The marked differences between the global methylation levels of newborn and adult samples (Additional File 2A) prompted us to also analyse the datasets excluding newborn samples (Additional File 3). A number of sites showed a reversed directionality of age-dependent methylation changes if we excluded the newborn samples from the analysis (highlighted in pink and green; Additional File 3A and B), however the majority of sites (highlighted in blue and orange/red) showed the same correlation characteristics independent of the inclusion or exclusion of newborn samples (Additional File 3C). The correlations between age and DNA methylation in the adult datasets were both positive and negative and the correlation values were normally distributed (Additional File 3D), but none of the correlations were significant (Additional File 3E; Spearman’s correlation, with a multiple testing corrected p-value cut-off of < 0.05). Although the analysis was based on all tissues, only a small number of the age-correlated methylation changes in the adult samples were common to all tissues (p<0.005; Additional File 3F). A subsequent analysis of age-correlations in each tissue independently identified a large number of tissue specific methylation changes (p<0.005; Additional File 3G and H), suggesting that changes in DNA methylation in adults are primarily driven by tissue specific processes, while tissue-independent methylation changes are associated with global developmental processes (Figure 1G).

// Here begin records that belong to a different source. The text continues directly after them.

(* Let $\Omega\subset\mathbb{R}^N$ be a smooth open bounded domain, let $a,b,c\in L^\infty(\Omega)$ with $\operatorname{ess\,inf}_\Omega a>0$, $\operatorname{ess\,inf}_\Omega b>0$, $\operatorname{ess\,inf}_\Omega c>0$, and let $F\in C^1(\mathbb{R}^2,\mathbb{R})$ satisfy: (F$_+$) $F(s,t)\ge 0$ for all $(s,t)\in\mathbb{R}^2$, $F(0,0)=0$, and $F\not\equiv 0$; (F$_0$) $\lim_{(s,t)\to(0,0)}\frac{F_s(s,t)}{|s|+|t|}=\lim_{(s,t)\to(0,0)}\frac{F_t(s,t)}{|s|+|t|}=0$; (F$_\infty$) $\lim_{|s|+|t|\to\infty}\frac{F_s(s,t)}{|s|+|t|}=\lim_{|s|+|t|\to\infty}\frac{F_t(s,t)}{|s|+|t|}=0$. Define $$s_F=2\|c\|_{L^1}\sup_{(s,t)\neq(0,0)}\frac{F(s,t)}{\|a\|_{L^1}s^2+\|b\|_{L^1}t^2},\qquad S_F=\sup_{(s,t)\neq(0,0)}\frac{|sF_s(s,t)+tF_t(s,t)|}{\|c/a\|_{L^\infty}^{-1}s^2+\|c/b\|_{L^\infty}^{-1}t^2}.$$ Then $s_F$ and $S_F$ are finite and positive, and $S_F\ge s_F$.
   Context: $F_s,F_t$ denote the partial derivatives of $F$ with respect to its first and second variables; $\|\cdot\|_{L^p}$ is the norm of $L^p(\Omega)$. *)

theory Defs
  imports "HOL-Analysis.Analysis" "HOL-Probability.Essential_Supremum"
begin

definition essinf_on :: "'a::euclidean_space set \<Rightarrow> ('a \<Rightarrow> real) \<Rightarrow> ereal" where
  "essinf_on \<Omega> f = - esssup (restrict_space lebesgue \<Omega>) (\<lambda>x. ereal (- f x))"
lemma rstep_rule_instance: "(l, r) \<in> S \<Longrightarrow> (subst_apply l \<sigma>, subst_apply r \<sigma>) \<in> rstep S"
  unfolding rstep_def
  by (intro CollectI case_prodI exI[of _ l] exI[of _ r] exI[of _ "[]"] exI[of _ \<sigma>] conjI) simp_all

lemma rstep_replace_at_subst:
  assumes "(s, t) \<in> rstep S" and w: "is_pos w q" "subt_at w q = subst_apply s \<sigma>"
  shows "(w, replace_at w q (subst_apply t \<sigma>)) \<in> rstep S"
proof -
  from assms(1) obtain l r p \<rho> where lr: "(l, r) \<in> S" and p: "is_pos s p"
    and s: "subt_at s p = subst_apply l \<rho>" and t: "t = replace_at s p (subst_apply r \<rho>)"
    unfolding rstep_def by blast
  have "is_pos (subt_at w q) p" using w p by (simp add: is_pos_subst_apply)
  with w(1) have "is_pos w (q @ p)" by (rule is_pos_append)
  moreover have "subt_at w (q @ p) = subst_apply l (\<rho> \<circ>\<^sub>s \<sigma>)"
    using w p s by (simp add: subt_at_append subt_at_subst_apply)
  moreover have "replace_at w q (subst_apply t \<sigma>) = replace_at w (q @ p) (subst_apply r (\<rho> \<circ>\<^sub>s \<sigma>))"
    using w p t by (simp add: replace_at_append subst_apply_replace_at)
  ultimately show ?thesis using lr unfolding rstep_def by blast
qed

corollary rstep_replace_at:
  "(s, t) \<in> rstep S \<Longrightarrow> is_pos w q \<Longrightarrow> subt_at w q = s \<Longrightarrow> (w, replace_at w q t) \<in> rstep S"
  using rstep_replace_at_subst[where \<sigma> = Var] by simp

lemma rsteps_replace_at_subst:
  assumes "(s, t) \<in> (rstep S)\<^sup>*" and "is_pos w q" "subt_at w q = subst_apply s \<sigma>"
  shows "(w, replace_at w q (subst_apply t \<sigma>)) \<in> (rstep S)\<^sup>*"
  using assms(1)
proof (induct rule: rtrancl_induct)
  case base
  show ?case using assms(2,3) by (metis rtrancl.rtrancl_refl replace_at_subt_at)
next
  case (step t t')
  let ?w = "replace_at w q (subst_apply t \<sigma>)"
  have "(?w, replace_at ?w q (subst_apply t' \<sigma>)) \<in> rstep S"
    using step(2) assms(2)
    by (intro rstep_replace_at_subst) (simp_all add: is_pos_replace_at subt_at_replace_at)
  with step(3) assms(2) show ?case by (simp add: replace_at_replace_at)
qed
(* Let $n>1$, $a\in\mathcal{T}_n$, and consider the semigroup $(\mathcal{T}_n,*_a)$. Let $x\in\mathcal{T}_n$. If $\operatorname{rank}(x)\le\operatorname{rank}(a)$ and $|\operatorname{ran}(x)\cap M|\le1$ for every block $M$ of $\rho_a$, then $$R_x=\{y\in\mathcal{T}_n : \rho_y=\rho_x \text{ and } |\operatorname{ran}(y)\cap M|\le1 \text{ for every block } M \text{ of } \rho_a\}$$ and $|R_x|>1$. Otherwise $R_x=\{x\}$.
   Context: $\mathcal{T}_n$ is the set of all maps $N\to N$, $N=\{1,\dots,n\}$. Maps are composed from left to right: $(xy)(i)=y(x(i))$. For fixed $a\in\mathcal{T}_n$, $x*_a y:=xay$; $(\mathcal{T}_n,*_a)$ is a semigroup. $\operatorname{ran}(x)$ is the image of $x$, $\operatorname{rank}(x)=|\operatorname{ran}(x)|$, and $\rho_x$ is the partition of $N$ into the nonempty fibres of $x$ ($i,j$ in the same block iff $x(i)=x(j)$). Green's relations in a semigroup $S$: with $S^1$ the semigroup $S$ with an identity adjoined, $x\mathcal{L}y$ iff $S^1x=S^1y$, $x\mathcal{R}y$ iff $xS^1=yS^1$, $\mathcal{H}=\mathcal{L}\cap\mathcal{R}$, $\mathcal{D}=\mathcal{L}\circ\mathcal{R}$ (which equals $\mathcal{R}\circ\mathcal{L}$); $L_x,R_x,H_x,D_x$ denote the classes of $x$ in $(\mathcal{T}_n,*_a)$. *)

theory Defs
  imports "HOL-Library.FuncSet"
begin

text \<open>Full transformation monoid T_n: maps {1..n} -> {1..n}, represented
  extensionally (value undefined outside {1..n}).\<close>
definition Tn :: "nat \<Rightarrow> (nat \<Rightarrow> nat) set" where
  "Tn n = {1..n} \<rightarrow>\<^sub>E {1..n}"

text \<open>Left-to-right composition: (x y)(i) = y (x i). Sandwich product x *_a y = x a y.\<close>
definition sand :: "nat \<Rightarrow> (nat \<Rightarrow> nat) \<Rightarrow> (nat \<Rightarrow> nat) \<Rightarrow> (nat \<Rightarrow> nat) \<Rightarrow> (nat \<Rightarrow> nat)" where
  "sand n a x y = restrict (\<lambda>i. y (a (x i))) {1..n}"

definition ran :: "nat \<Rightarrow> (nat \<Rightarrow> nat) \<Rightarrow> nat set" where
  "ran n x = x ` {1..n}"

definition rank :: "nat \<Rightarrow> (nat \<Rightarrow> nat) \<Rightarrow> nat" where
  "rank n x = card (ran n x)"

definition rho :: "nat \<Rightarrow> (nat \<Rightarrow> nat) \<Rightarrow> nat set set" where
  "rho n x = {{j \<in> {1..n}. x j = x i} | i. i \<in> {1..n}}"

text \<open>Principal right ideal x S^1 in (T_n, *_a).\<close>
definition right_ideal :: "nat \<Rightarrow> (nat \<Rightarrow> nat) \<Rightarrow> (nat \<Rightarrow> nat) \<Rightarrow> (nat \<Rightarrow> nat) set" where
  "right_ideal n a x = insert x {sand n a x z | z. z \<in> Tn n}"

DNA methylation levels at a discrete set of CpGs are predictive of age
Having found that methylation at many individual CpG sites did change in an age-dependent manner we decided to generate an epigenetic age predictor in mice (Figure 2A). In addition to our own datasets, we also included previously published datasets comprised of RRBS libraries from liver, lung, muscle, spleen, and cerebellum samples from male and female C57BL/6 mice aged newborn to 31 weeks [29-32]. A description of these datasets can be found in Additional File 4. In short, 129 healthy samples were used to define the training set, with the remaining 189 making up an independent test set, including two datasets that were generated by different labs and hence experimentally independent from the datasets used to train the model. All samples were processed as described in the Materials and Methods. We excluded CpGs located on either of the sex chromosomes or in the mitochondrial genome prior to further processing and analysis.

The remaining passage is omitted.